Saturday 22 November 2008

Fasting: The Personal, the Political and the Privilege

Growing up I had a limited understanding of why one should fast and little experience of it as something meaningful. As a child, I bought sweets with my pocket money. I remember being told at a certain time, I should stop eating sweets, and save them up until after the fast period. This took place within a religious convent and children’s home, where faith was practiced in a cold and routine fashion. This had very little positive impact on me.

The notion of fasting as a deeply valuable practice came much later as result of reading books such as Gandhi’s non-violent resistance to oppression. When Gandhi witnessed structural inequality both in Apartheid South Africa and in India under colonial rule, he used fasting as a self-sacrificing ‘action’. Fasting was inflicting pain on himself rather than his adversary. The purpose to jolt the colonial consciences, wake them up to the effects of their actions and seek to influence a change in hearts and practice. It came from his values of social justice, purifying the heart and mind, simplicity and community. I’m remembering for the first time as I write this my Nigerian father who lived these values of simplicity, sharing and compassion.

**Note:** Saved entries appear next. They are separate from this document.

(* Let $\mathbb{F}$ be a field, let $G\le\mathrm{GL}(n,\mathbb{F})$, and let $H$ be a normal subgroup of $G$ that is unipotent-by-abelian. If $x\in\mathrm{Rad}\langle H\rangle_{\mathbb{F}}$, then there is a non-zero $G$-submodule of $\mathbb{F}^n$ contained in the nullspace of $x$.
   Context: $G$ and $x$ act on $V=\mathbb{F}^n$ by matrix multiplication (on the same side), and the nullspace of $x$ is $\{v\in V: v$ is sent to $0$ by $x\}$. A group is unipotent-by-abelian if it has a unipotent normal subgroup with abelian quotient. $\langle H\rangle_{\mathbb{F}}$ is the $\mathbb{F}$-enveloping algebra of $H$ (the $\mathbb{F}$-subalgebra of $\mathrm{Mat}(n,\mathbb{F})$ generated by $H$), and $\mathrm{Rad}$ is its Jacobson radical. *)

theory Defs
  imports "HOL-Analysis.Analysis"
begin

text \<open>Matrices over a field acting on column vectors by A *v v (G and x act on the same side).\<close>

definition matrix_group :: "('a::field^'n^'n) set \<Rightarrow> bool" where
  "matrix_group G \<longleftrightarrow> G \<subseteq> {A. invertible A} \<and> mat 1 \<in> G \<and>
     (\<forall>A\<in>G. \<forall>B\<in>G. A ** B \<in> G) \<and> (\<forall>A\<in>G. matrix_inv A \<in> G)"

definition normal_matrix_subgroup :: "('a::field^'n^'n) set \<Rightarrow> ('a^'n^'n) set \<Rightarrow> bool" where
  "normal_matrix_subgroup H G \<longleftrightarrow> matrix_group H \<and> H \<subseteq> G \<and>
     (\<forall>g\<in>G. \<forall>h\<in>H. g ** h ** matrix_inv g \<in> H)"

definition matpow :: "('a::field^'n^'n) \<Rightarrow> nat \<Rightarrow> 'a^'n^'n" where
  "matpow A k = ((\<lambda>B. A ** B) ^^ k) (mat 1)"

definition unipotent_matrix :: "('a::field^'n^'n) \<Rightarrow> bool" where
  "unipotent_matrix A \<longleftrightarrow> (\<exists>k. matpow (A - mat 1) k = 0)"

definition unipotent_group :: "('a::field^'n^'n) set \<Rightarrow> bool" where
  "unipotent_group U \<longleftrightarrow> matrix_group U \<and> (\<forall>u\<in>U. unipotent_matrix u)"

text \<open>H/U abelian, with U normal in H, means every commutator of H lies in U.\<close>
definition unipotent_by_abelian :: "('a::field^'n^'n) set \<Rightarrow> bool" where
  "unipotent_by_abelian H \<longleftrightarrow> (\<exists>U. normal_matrix_subgroup U H \<and> unipotent_group U \<and>
     (\<forall>a\<in>H. \<forall>b\<in>H. a ** b ** matrix_inv a ** matrix_inv b \<in> U))"

inductive_set enveloping_algebra :: "('a::field^'n^'n) set \<Rightarrow> ('a^'n^'n) set"
  for H where
  gen: "h \<in> H \<Longrightarrow> h \<in> enveloping_algebra H"
| one: "mat 1 \<in> enveloping_algebra H"
| add: "A \<in> enveloping_algebra H \<Longrightarrow> B \<in> enveloping_algebra H \<Longrightarrow> A + B \<in> enveloping_algebra H"
| smult: "A \<in> enveloping_algebra H \<Longrightarrow> (\<chi> i j. c * A $ i $ j) \<in> enveloping_algebra H"
| mult: "A \<in> enveloping_algebra H \<Longrightarrow> B \<in> enveloping_algebra H \<Longrightarrow> A ** B \<in> enveloping_algebra H"

definition left_ideal :: "('a::field^'n^'n) set \<Rightarrow> ('a^'n^'n) set \<Rightarrow> bool" where
  "left_ideal R L \<longleftrightarrow> L \<subseteq> R \<and> 0 \<in> L \<and> (\<forall>a\<in>L. \<forall>b\<in>L. a + b \<in> L) \<and> (\<forall>a\<in>L. - a \<in> L) \<and>
     (\<forall>r\<in>R. \<forall>a\<in>L. r ** a \<in> L)"

definition maximal_left_ideal :: "('a::field^'n^'n) set \<Rightarrow> ('a^'n^'n) set \<Rightarrow> bool" where
  "maximal_left_ideal R L \<longleftrightarrow> left_ideal R L \<and> L \<noteq> R \<and>
     (\<forall>M. left_ideal R M \<and> L \<subseteq> M \<longrightarrow> M = L \<or> M = R)"

definition jacobson_radical :: "('a::field^'n^'n) set \<Rightarrow> ('a^'n^'n) set" where
  "jacobson_radical R = {x \<in> R. \<forall>L. maximal_left_ideal R L \<longrightarrow> x \<in> L}"

definition nullspace :: "('a::field^'n^'n) \<Rightarrow> ('a^'n) set" where
  "nullspace x = {v. x *v v = 0}"

definition G_submodule :: "('a::field^'n^'n) set \<Rightarrow> ('a^'n) set \<Rightarrow> bool" where
  "G_submodule G W \<longleftrightarrow> 0 \<in> W \<and> (\<forall>v\<in>W. \<forall>w\<in>W. v + w \<in> W) \<and> (\<forall>c. \<forall>v\<in>W. c *s v \<in> W) \<and>
     (\<forall>g\<in>G. \<forall>w\<in>W. g *v w \<in> W)"

end

theory Submission
  imports Defs
begin

text \<open>Let A be the enveloping algebra of H. The annihilator in A of a non-zero vector of a
  simple A-submodule S of F^n is a maximal left ideal, so Rad A kills S, and the common nullspace W
  of Rad A is non-zero. As G normalises H, conjugation by an element of G is an automorphism of A;
  it therefore preserves Rad A, which makes W a G-submodule.\<close>

lemma matrix_add_rdistrib:
  fixes A :: "'a::semiring_1^'p^'n" and B C :: "'a^'n^'m"
  shows "(B + C) ** A = B ** A + C ** A"
  by (vector matrix_matrix_mult_def sum.distrib[symmetric] field_simps)

lemma mat_mult_eq_scale: "mat c ** A = (\<chi> i j. c * A $ i $ j)"
  for A :: "'a::semiring_1^'m^'n"
  by (simp add: matrix_matrix_mult_def mat_def vec_eq_iff if_distrib if_distribR sum.delta sum.delta'
      cong del: if_weak_cong)

lemma mat_mult_commute: "mat c ** A = A ** mat c"
  for A :: "'a::comm_semiring_1^'n^'n"
  by (simp add: matrix_matrix_mult_def mat_def vec_eq_iff if_distrib if_distribR sum.delta sum.delta'
      mult.commute cong del: if_weak_cong)

lemma mat_mult_vector: "mat c *v v = c *s v"
  for v :: "'a::semiring_1^'n"
  by (simp add: matrix_vector_mult_def mat_def vec_eq_iff if_distrib if_distribR sum.delta sum.delta'
      cong del: if_weak_cong)

lemma matrix_inv:
  assumes "invertible A"
  shows matrix_inv_right: "A ** matrix_inv A = mat 1"
    and matrix_inv_left: "matrix_inv A ** A = mat 1"
proof -
  have "\<exists>A'. A ** A' = mat 1 \<and> A' ** A = mat 1"
    using assms unfolding invertible_def .
  then have "A ** matrix_inv A = mat 1 \<and> matrix_inv A ** A = mat 1"
    unfolding matrix_inv_def by (rule someI_ex)
  then show "A ** matrix_inv A = mat 1" "matrix_inv A ** A = mat 1" by auto
qed

lemma invertible_matrix_inv:
  assumes "invertible A"
  shows "invertible (matrix_inv A)"
  unfolding invertible_def using matrix_inv[OF assms] by blast

lemma matrix_inv_inv:
  fixes A :: "'a::field^'n^'n"
  assumes "invertible A"
  shows "matrix_inv (matrix_inv A) = A"
proof -
  have "A = A ** (matrix_inv A ** matrix_inv (matrix_inv A))"
    using matrix_inv_right[OF invertible_matrix_inv[OF assms]] by simp
  also have "\<dots> = matrix_inv (matrix_inv A)"
    by (simp add: matrix_mul_assoc matrix_inv_right[OF assms])
  finally show ?thesis ..
qed

lemma conj_mult:
  assumes "invertible g"
  shows "g ** (A ** B) ** matrix_inv g = (g ** A ** matrix_inv g) ** (g ** B ** matrix_inv g)"
proof -
  have "(g ** A ** matrix_inv g) ** (g ** B ** matrix_inv g)
      = g ** A ** (matrix_inv g ** g) ** B ** matrix_inv g"
    by (simp add: matrix_mul_assoc)
  then show ?thesis by (simp add: matrix_inv_left[OF assms] matrix_mul_assoc)
qed

lemma enveloping_algebra_mat: "mat c \<in> enveloping_algebra H"
  using enveloping_algebra.smult[OF enveloping_algebra.one, where c = c]
  by (simp add: mat_mult_eq_scale[symmetric])

lemma enveloping_algebra_zero: "0 \<in> enveloping_algebra H"
  using enveloping_algebra_mat[of 0 H] by simp

lemma enveloping_algebra_uminus:
  assumes "A \<in> enveloping_algebra H"
  shows "- A \<in> enveloping_algebra H"
proof -
  have "mat (- 1) ** A = - A"
    by (simp add: mat_mult_eq_scale vec_eq_iff)
  then show ?thesis
    using enveloping_algebra.mult[OF enveloping_algebra_mat assms] by metis
qed

lemma enveloping_algebra_diff:
  assumes "A \<in> enveloping_algebra H" "B \<in> enveloping_algebra H"
  shows "A - B \<in> enveloping_algebra H"
  using enveloping_algebra.add[OF assms(1) enveloping_algebra_uminus[OF assms(2)]] by simp

lemma conj_enveloping_algebra:
  assumes g: "invertible g" and conj_H: "\<And>h. h \<in> H \<Longrightarrow> g ** h ** matrix_inv g \<in> H"
    and "a \<in> enveloping_algebra H"
  shows "g ** a ** matrix_inv g \<in> enveloping_algebra H"
  using \<open>a \<in> enveloping_algebra H\<close>
proof induction
  case (gen h)
  then show ?case by (blast intro: conj_H enveloping_algebra.gen)
next
  case one
  then show ?case by (simp add: matrix_inv_right[OF g] enveloping_algebra.one)
next
  case (add A B)
  then show ?case
    by (simp add: matrix_add_ldistrib matrix_add_rdistrib enveloping_algebra.add)
next
  case (smult A c)
  have "g ** (mat c ** A) ** matrix_inv g = mat c ** (g ** A ** matrix_inv g)"
    by (metis conj_mult[OF g] mat_mult_commute matrix_inv_right[OF g] matrix_mul_assoc
        matrix_mul_rid)
  then show ?case
    using enveloping_algebra.mult[OF enveloping_algebra_mat smult.IH]
    by (simp add: mat_mult_eq_scale)
next
  case (mult A B)
  then show ?case by (simp add: conj_mult[OF g] enveloping_algebra.mult)
qed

Nurtured by a deeper inner reflection, I felt the urge to fast given the suffering of those dying of famine and hunger. I began to see how I contributed to a world where those with the economic and monetary wealth over consume and pollute. I underwent a process of realisation of the privilege I had to look away, to eat too much or be wasteful of resources, while our sisters and brothers elsewhere, withered and died. Fasting help me empty enough to deeply contemplate this process to cultivate awareness of the need to practice the nobility of my own and others humanness, to care for our environment and wholeness as global community. For me, ‘Fast for the Planet’ embraces these entire elements.